Example: Use a sample image from the Image Processing Toolbox which contains geographic data.
handsInfo = imfinfo('hands1.jpg');
Display the GPS information
handsInfo.GPSInfo
ans =
GPSLatitudeRef: 'N'
GPSLatitude: [42 17 57.0600]
GPSLongitudeRef: 'W'
GPSLongitude: [71 21 5.8200]
GPSAltitudeRef: 0
GPSAltitude: 69.7069
GPSTimeStamp: [16 48 35]
GPSImgDirectionRef: 'T'
GPSImgDirection: 291.9459
GPSDateStamp: '2014:03:11'
Note that the latitude and longitude are given in Degrees, Minutes, and Seconds (DMS).
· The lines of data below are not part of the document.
lemma Ack_received_before_DistT:
  assumes "(q, Ack) \<in> st_rcv (cf_ls (cs t) r)" "q \<notin> F"
  shows "receives_DistS_before_DistT tr r q"
proof -
  obtain ta X where ta: "tr ta = HandleS q r X" "\<not> st_sentT (cf_ls (cs ta) q)"
    using received_origin[OF assms] by (auto simp: sending_event_def)
  then have "(r, X) \<in> st_pendS (cf_ls (cs ta) q)"
    using step_event[OF ta(1)] by (auto simp: ag_step_def)
  then obtain t where t: "t < ta" "tr t = Recv q r (DistS X)"
    using pendS_received by blast
  have "ta < t'" if "tr t' = SendDistT q" for t'
  proof (rule ccontr)
    assume "\<not> ta < t'"
    moreover have "t' \<noteq> ta" using that ta(1) by auto
    moreover have "st_sentT (cf_ls (cs (Suc t')) q)"
      using step_event[OF that] by (auto simp: ag_step_def upd_ls_def send_all_def)
    ultimately show False using sentT_mono[of "Suc t'" ta] ta(2) by simp
  qed
  then show ?thesis
    using t unfolding receives_DistS_before_DistT_def by (meson order.strict_trans)
qed
(* For the population protocol USD and every $t\ge1$: (1) $\mathbb E_{t-1}[\psi_t]\le\psi_{t-1}\big(1-\frac1n\big)+\frac{\beta_{t-1}-\gamma_{t-1}}{n^2}$. (2) Conditioned on $\mathcal F_{t-1}$, $\psi_t-\mathbb E_{t-1}[\psi_t]$ satisfies the $\big(\frac{150}{n},\frac{150\beta_{t-1}}{n^2}\big)$-Bernstein condition.
   Context: Vertex set $V$, $|V|=n$; opinions in $\Sigma=[k]\cup\{\bot\}$ ($\bot$ = undecided). USD update rule: $\mathsf{update}(\sigma_1,\sigma_2)=\bot$ if $\sigma_1,\sigma_2\in[k]$ and $\sigma_1\ne\sigma_2$; $=\sigma_2$ if $\sigma_1=\bot$; $=\sigma_1$ otherwise. Population protocol USD: given $\mathrm{opn}_t\in\Sigma^V$, an ordered pair $(u,v)$ is chosen uniformly from $V\times V$ (with replacement), $\mathrm{opn}_{t+1}(u)=\mathsf{update}(\mathrm{opn}_t(u),\mathrm{opn}_t(v))$, and all other vertices keep their opinions. Notation: $\alpha_t(i)=|\{u:\mathrm{opn}_t(u)=i\}|/n$, $\beta_t=\sum_{i\in[k]}\alpha_t(i)$, $\gamma_t=\sum_{i\in[k]}\alpha_t(i)^2$, $\psi_t=\beta_t(2\beta_t-1)-\gamma_t$. $(\mathcal F_t)$ is the natural filtration; $\mathbb E_{t-1}$ is conditional expectation given $\mathcal F_{t-1}$. Bernstein condition: for $D,s\ge0$, $X$ satisfies the $(D,s)$-Bernstein condition if $\mathbb E[e^{\lambda X}]\le\exp\!\big(\frac{\lambda^2 s/2}{1-|\lambda|D/3}\big)$ for all real $\lambda$ with $|\lambda|D<3$. Conditioned on $\mathcal F_{t-1}$: the same with $\mathbb E_{t-1}$, almost surely. *)

theory Defs
  imports "HOL-Probability.Probability"
begin

text \<open>Opinions: None is the undecided opinion (bot), Some i with 1 \<le> i \<le> k are the decided ones.\<close>

definition usd_opinions :: "nat \<Rightarrow> nat option set" where
  "usd_opinions k = insert None (Some ` {1..k})"

fun usd_update :: "nat option \<Rightarrow> nat option \<Rightarrow> nat option" where
  "usd_update (Some a) (Some b) = (if a \<noteq> b then None else Some a)"
| "usd_update None s2 = s2"
| "usd_update (Some a) None = Some a"

definition usd_step :: "('v \<Rightarrow> nat option) \<Rightarrow> 'v \<times> 'v \<Rightarrow> ('v \<Rightarrow> nat option)" where
  "usd_step c p = c (fst p := usd_update (c (fst p)) (c (snd p)))"

definition usd_pair :: "('v::finite \<times> 'v) pmf" where
  "usd_pair = pmf_of_set UNIV"

definition usd_alpha :: "('v::finite \<Rightarrow> nat option) \<Rightarrow> nat \<Rightarrow> real" where
  "usd_alpha c i = real (card {u. c u = Some i}) / real CARD('v)"

definition usd_beta :: "nat \<Rightarrow> ('v::finite \<Rightarrow> nat option) \<Rightarrow> real" where
  "usd_beta k c = (\<Sum>i\<in>{1..k}. usd_alpha c i)"

definition usd_gamma :: "nat \<Rightarrow> ('v::finite \<Rightarrow> nat option) \<Rightarrow> real" where
  "usd_gamma k c = (\<Sum>i\<in>{1..k}. (usd_alpha c i)\<^sup>2)"

definition usd_psi :: "nat \<Rightarrow> ('v::finite \<Rightarrow> nat option) \<Rightarrow> real" where
  "usd_psi k c = usd_beta k c * (2 * usd_beta k c - 1) - usd_gamma k c"

definition bernstein_condition :: "'a measure \<Rightarrow> ('a \<Rightarrow> real) \<Rightarrow> real \<Rightarrow> real \<Rightarrow> bool" where
  "bernstein_condition M X D s \<longleftrightarrow>
     (\<forall>l::real. \<bar>l\<bar> * D < 3 \<longrightarrow>
        (\<integral>x. exp (l * X x) \<partial>M) \<le> exp ((l\<^sup>2 * s / 2) / (1 - \<bar>l\<bar> * D / 3)))"

end

theory Submission
  imports Defs
begin

(* One interaction changes a single coordinate of alpha by 1/n, and psi is quadratic in alpha,
   so the increment of psi is an explicit function of the two opinions involved.  Averaging it
   over the uniform pair gives the exact drift
     - psi/n + (beta - gamma)/n^2 - (2/n) * sum_i alpha_i (2 beta - 1 - alpha_i)^2,
   whose last term is nonpositive.  The increment is at most 4/n in absolute value and vanishes
   when the observed vertex is undecided, so its second moment is at most 16 beta/n^2; a centred
   variable of this size satisfies the Bernstein condition because exp x <= 1 + x + x^2 on
   [-1, 1]. *)

lemma exp_le_one_plus_x_plus_square:
  fixes x :: real
  assumes "\<bar>x\<bar> \<le> 1"
  shows "exp x \<le> 1 + x + x\<^sup>2"
proof (cases "0 \<le> x")
  case True
  then show ?thesis using exp_bound assms by auto
next
  case False
  define y where "y = - x"
  have y: "0 < y" "y \<le> 1" using False assms by (auto simp: y_def)
  have "1 \<le> (1 - y + y\<^sup>2) * (1 + y + y\<^sup>2 / 2)"
  proof -
    have "(1 - y + y\<^sup>2) * (1 + y + y\<^sup>2 / 2) = 1 + y\<^sup>2 / 2 + y ^ 3 / 2 + y ^ 4 / 2"
      by (simp add: field_simps power2_eq_square power3_eq_cube power4_eq_xxxx)
    then show ?thesis using y by simp
  qed
  also have "\<dots> \<le> (1 - y + y\<^sup>2) * exp y"
  proof (rule mult_left_mono)
    show "1 + y + y\<^sup>2 / 2 \<le> exp y" using exp_lower_Taylor_quadratic y by simp
    show "0 \<le> 1 - y + y\<^sup>2" using y by (simp add: power2_eq_square)
  qed
  finally have "exp (- y) \<le> 1 - y + y\<^sup>2" by (simp add: exp_minus field_simps)
  then show ?thesis by (simp add: y_def)
qed

lemma (in prob_space) expectation_exp_le_exp_second_moment:
  fixes Y :: "'a \<Rightarrow> real"
  assumes Y: "Y \<in> borel_measurable M"
    and bounded: "AE x in M. \<bar>Y x\<bar> \<le> 1"
    and centred: "expectation Y = 0"
  shows "expectation (\<lambda>x. exp (Y x)) \<le> exp (expectation (\<lambda>x. (Y x)\<^sup>2))"
proof -
  have int_Y: "integrable M Y"
    using bounded Y by (intro integrable_const_bound[where B = 1]) auto
  have int_Y2: "integrable M (\<lambda>x. (Y x)\<^sup>2)"
    using bounded Y
    by (intro integrable_const_bound[where B = 1]) (auto elim!: eventually_mono simp: abs_square_le_1)
  have int_exp: "integrable M (\<lambda>x. exp (Y x))"
    using bounded Y by (intro integrable_const_bound[where B = "exp 1"]) auto
  have "expectation (\<lambda>x. exp (Y x)) \<le> expectation (\<lambda>x. 1 + Y x + (Y x)\<^sup>2)"
    using bounded int_Y int_Y2 int_exp
    by (intro integral_mono_AE) (auto elim!: eventually_mono intro: exp_le_one_plus_x_plus_square)
  also have "\<dots> = 1 + expectation (\<lambda>x. (Y x)\<^sup>2)"
    using int_Y int_Y2 centred by (simp add: prob_space)
  also have "\<dots> \<le> exp (expectation (\<lambda>x. (Y x)\<^sup>2))"
    by (rule exp_ge_add_one_self[THEN order.trans[rotated]]) (simp add: add.commute)
  finally show ?thesis .
qed

lemma (in prob_space) variance_le_expectation_power2_diff:
  fixes X :: "'a \<Rightarrow> real"
  assumes "integrable M X" "integrable M (\<lambda>x. (X x)\<^sup>2)"
  shows "variance X \<le> expectation (\<lambda>x. (X x - a)\<^sup>2)"
proof -
  have "expectation (\<lambda>x. (X x - a)\<^sup>2) = variance X + (expectation X - a)\<^sup>2"
    using assms by (simp add: variance_eq power2_diff prob_space algebra_simps power2_eq_square)
  then show ?thesis by simp
qed
lemma inj_on_fun_upd_atMost_Suc:
  "inj_on v {..i} \<Longrightarrow> w \<notin> v ` {..i} \<Longrightarrow> inj_on (v(Suc i := w)) {..Suc i}"
proof -
  assume "inj_on v {..i}" and w: "w \<notin> v ` {..i}"
  then have "inj_on (v(Suc i := w)) {..i}" by (simp add: inj_on_def)
  moreover have "(v(Suc i := w)) ` {..i} = v ` {..i}" by auto
  ultimately show ?thesis using w by (simp add: atMost_Suc)
qed

section \<open>The refinement procedure\<close>

lemma Some_in_Pd [simp]: "Some x \<in> Pd P \<longleftrightarrow> x \<in> P"
  by (auto simp: Pd_def)

lemma Eo_cong_Tset:
  assumes "\<forall>x\<in>Tset Sig P. E1 x = E2 x" and "z \<in> Pd P" and "b \<in> Sig"
  shows "Eo E1 z = Eo E2 z" "Eo E1 (fext z b) = Eo E2 (fext z b)"
  using assms by (auto simp: Pd_def Tset_def)

lemma refine_enabled_cong:
  assumes "\<forall>x\<in>Tset Sig P. E1 x = E2 x"
  shows "refine_enabled Sig P E1 \<longleftrightarrow> refine_enabled Sig P E2"
  using Eo_cong_Tset[OF assms] unfolding refine_enabled_def by metis

lemma refine_enabled_iff_step:
  "refine_enabled Sig P E \<longleftrightarrow> (\<exists>st'. refine_step Sig L P T (i, v, E) st')"
  unfolding refine_enabled_def refine_step_def symdiff_def by blast

lemma refine_step_separates:
  assumes tab: "tabulates L (Tset Sig P) i v E"
    and al: "al \<in> Pd P" and be: "be \<in> Pd P" and b: "b \<in> Sig" and eq: "Eo E al = Eo E be"
    and ga_al: "ga \<in> Eo E (fext al b)" and ga_be: "ga \<notin> Eo E (fext be b)"
  shows "b # ga \<notin> v ` {..i}"
    and "Eo (E_add L (Tset Sig P) E (b # ga)) al \<noteq> Eo (E_add L (Tset Sig P) E (b # ga)) be"
proof -
  let ?T = "Tset Sig P" and ?w = "b # ga"
  have in_T: "x \<in> ?T" "x @ [b] \<in> ?T" if "x \<in> P" for x
    using that b by (auto simp: Tset_def)
  obtain a where a: "al = Some a" "a \<in> P"
    using al ga_al by (cases al) auto
  have a_w: "a @ ?w \<in> L"
    using ga_al tab in_T(2)[OF a(2)] a(1) by (auto simp: tabulates_def mem_table)
  have be_w: "\<beta> @ ?w \<notin> L" if "be = Some \<beta>" for \<beta>
  proof
    assume "\<beta> @ ?w \<in> L"
    have "\<beta> \<in> P" using be that by simp
    then have "ga \<notin> table L i v (\<beta> @ [b])"
      using ga_be that tab in_T(2) by (auto simp: tabulates_def)
    moreover have "ga \<in> table L i v (\<beta> @ [b])"
      using ga_al tab in_T(2)[OF a(2)] a(1) \<open>\<beta> @ ?w \<in> L\<close> by (auto simp: tabulates_def mem_table)
    ultimately show False by contradiction
  qed
  show fresh: "?w \<notin> v ` {..i}"
  proof
    assume "?w \<in> v ` {..i}"
    then have "?w \<in> Eo E al"
      using a a_w tab in_T(1) by (auto simp: tabulates_def mem_table)
    then obtain \<beta> where "be = Some \<beta>" "?w \<in> E \<beta>" "\<beta> \<in> P"
      using eq be by (cases be) auto
    then show False
      using be_w tab in_T(1) by (auto simp: tabulates_def mem_table)
  qed
  have "?w \<in> Eo (E_add L ?T E ?w) al"
    using a a_w in_T(1) by (simp add: E_add_def)
  moreover have "?w \<notin> Eo (E_add L ?T E ?w) be"
  proof (cases be)
    case (Some \<beta>)
    then have "\<beta> \<in> P" using be by simp
    then show ?thesis
      using Some be_w fresh tab in_T(1) by (auto simp: E_add_def tabulates_def mem_table)
  qed simp
  ultimately show "Eo (E_add L ?T E ?w) al \<noteq> Eo (E_add L ?T E ?w) be" by blast
qed

lemma refine_step_enabled: "refine_step Sig L P T (i, v, E) st' \<Longrightarrow> refine_enabled Sig P E"
  using refine_enabled_iff_step by blast

lemma refine_stepE:
  assumes "refine_step Sig L P T (i, v, E) st'"
  obtains al be b ga where "al \<in> Pd P" "be \<in> Pd P" "b \<in> Sig" "Eo E al = Eo E be"
    "ga \<in> Eo E (fext al b)" "ga \<notin> Eo E (fext be b)"
    "st' = (Suc i, v(Suc i := b # ga), E_add L T E (b # ga))"
proof -
  obtain al be b ga where step: "al \<in> Pd P" "be \<in> Pd P" "b \<in> Sig" "Eo E al = Eo E be"
    "st' = (Suc i, v(Suc i := b # ga), E_add L T E (b # ga))"
    and ga: "ga \<in> symdiff (Eo E (fext al b)) (Eo E (fext be b))"
    using assms unfolding refine_step_def prod.case E_add_def[symmetric] by blast
  show thesis
  proof (cases "ga \<in> Eo E (fext al b)")
    case True
    with step ga show thesis by (intro that[of al be b ga]) (simp_all add: symdiff_def)
  next
    case False
    with ga have "ga \<in> Eo E (fext be b)" by (simp add: symdiff_def)
    with step False show thesis by (intro that[of be al b ga]) simp_all
  qed
qed
lemma solution_address: "solution address"
  unfolding solution_def
proof
  fix x assume x: "x \<in> X"
  define d where "d y k = ptN (digit ((shift ^^ k) y))" for y k
  have address: "address y = (ternary (\<lambda>k. fst (d y k)), ternary (\<lambda>k. snd (d y k)))" for y
    unfolding address_def d_def ..
  have d_Suc: "d x (Suc k) = d (shift x) k" for k
    unfolding d_def by (simp only: funpow_Suc_right o_apply)
  have orbit: "(shift ^^ k) x \<in> X" for k
    using x shift_in_X by (induction k) auto
  have digits: "fst (d x k) \<in> {0..2}" "snd (d x k) \<in> {0..2}" for k
    using digit_in_Nidx[OF orbit[of k]] unfolding d_def Nidx_def ptN_def by auto
  have "address x \<in> U0"
    using ternary_in_unit[of "\<lambda>k. fst (d x k)", OF digits(1)]
      ternary_in_unit[of "\<lambda>k. snd (d x k)", OF digits(2)]
    unfolding address U0_def by simp
  moreover have "fst (address x) = (fst (d x 0) + fst (address (shift x))) / 3"
      "snd (address x) = (snd (d x 0) + snd (address (shift x))) / 3"
    using ternary_unfold[of "\<lambda>k. fst (d x k)", OF digits(1)]
      ternary_unfold[of "\<lambda>k. snd (d x k)", OF digits(2)]
    unfolding address d_Suc by simp_all
  ultimately show "address x \<in> U0 \<and> address x = (1/3) *\<^sub>R (ptN (digit x) + address (shift x))"
    unfolding d_def by (simp add: prod_eq_iff)
qed

end

theorem mainTheorem7:
  fixes X :: "'x set" and S :: "real \<times> real \<Rightarrow> 'x"
    and e :: "'x \<Rightarrow> ((int \<times> int) \<times> 'x) set"
  assumes "is_square_set X S"
    and "sq_mor X S (tens_set X S) (tens_S X S) e"
  shows "is_square_set U0 S_U0
    \<and> sq_mor (tens_set U0 S_U0) (tens_S U0 S_U0) U0 S_U0 alphaN
    \<and> (\<exists>!h. h \<in> extensional X \<and> sq_mor X S U0 S_U0 h
             \<and> (\<forall>x\<in>X. h x = alphaN (tens_map X S U0 S_U0 h (e x))))"
proof -
  interpret square_coalgebra X S e
    using assms by unfold_locales
  have "\<exists>!h. h \<in> extensional X \<and> solution h"
  proof (rule ex1I)
    show "restrict address X \<in> extensional X \<and> solution (restrict address X)"
      using solution_restrict[OF solution_address] by simp
  next
    show "h = restrict address X" if "h \<in> extensional X \<and> solution h" for h
      using that solution_address solution_unique
      by (intro extensionalityI[of h X]) auto
  qed
  then show ?thesis
    using U0_square_set alphaN_sq_mor unfolding corecursion_iff_solution by blast
qed
text \<open>[n,k]_q = \<Prod>_{d \<in> carry_divs n k} \<Phi>_d, by cancelling the common factors of the
  q-factorial identity.\<close>
theorem qbinom_cyclo: "k \<le> n \<Longrightarrow> qbinom n k = (\<Prod>d\<in>carry_divs n k. cyclo d)"
proof -
  assume "k \<le> n"
  define P where "P = (\<Prod>d\<in>{1..n}. cyclo d ^ (k div d + (n - k) div d))"
  have "qbinom n k * P = qfact n"
    using qbinom_qfact[OF \<open>k \<le> n\<close>] qfact_cyclo[of k n] qfact_cyclo[of "n - k" n] \<open>k \<le> n\<close>
    by (simp add: P_def prod.distrib power_add mult.assoc)
  also have "qfact n = (\<Prod>d\<in>{1..n}. (if n mod d < k mod d then cyclo d else 1)
                                       * cyclo d ^ (k div d + (n - k) div d))"
    unfolding qfact_cyclo[OF order_refl]
    by (rule prod.cong) (use div_carry[OF \<open>k \<le> n\<close>] in \<open>auto simp: power_add\<close>)
  also have "\<dots> = (\<Prod>d\<in>carry_divs n k. cyclo d) * P"
  proof -
    have "(\<Prod>d\<in>carry_divs n k. cyclo d) = (\<Prod>d\<in>{1..n}. if n mod d < k mod d then cyclo d else 1)"
      unfolding carry_divs_def by (rule prod.inter_filter) simp
    then show ?thesis unfolding prod.distrib P_def by simp
  qed
  finally have "qbinom n k * P = (\<Prod>d\<in>carry_divs n k. cyclo d) * P" .
  moreover have "P \<noteq> 0" unfolding P_def using cyclo_nonzero by auto
  ultimately show ?thesis by simp
qed

section \<open>The lcm of the q-binomial coefficients\<close>

text \<open>The indices d whose cyclotomic polynomial divides some [n,k]_q, 0 \<le> k \<le> n.\<close>
definition lcm_divs :: "nat \<Rightarrow> nat set" where
  "lcm_divs n = (\<Union>k\<in>{0..n}. carry_divs n k)"

lemma lcm_divs_subset: "lcm_divs n \<subseteq> {2..n}"
  unfolding lcm_divs_def using carry_divs_subset by blast

lemma finite_lcm_divs: "finite (lcm_divs n)"
  using lcm_divs_subset finite_subset by blast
We will need to convert them to decimal degrees.
lat = dms2degrees(handsInfo.GPSInfo.GPSLatitude);
lon = dms2degrees(handsInfo.GPSInfo.GPSLongitude);
The GPSLatitudeRef and GPSLongitudeRef fields determine if the lat and lon should be positive or negative.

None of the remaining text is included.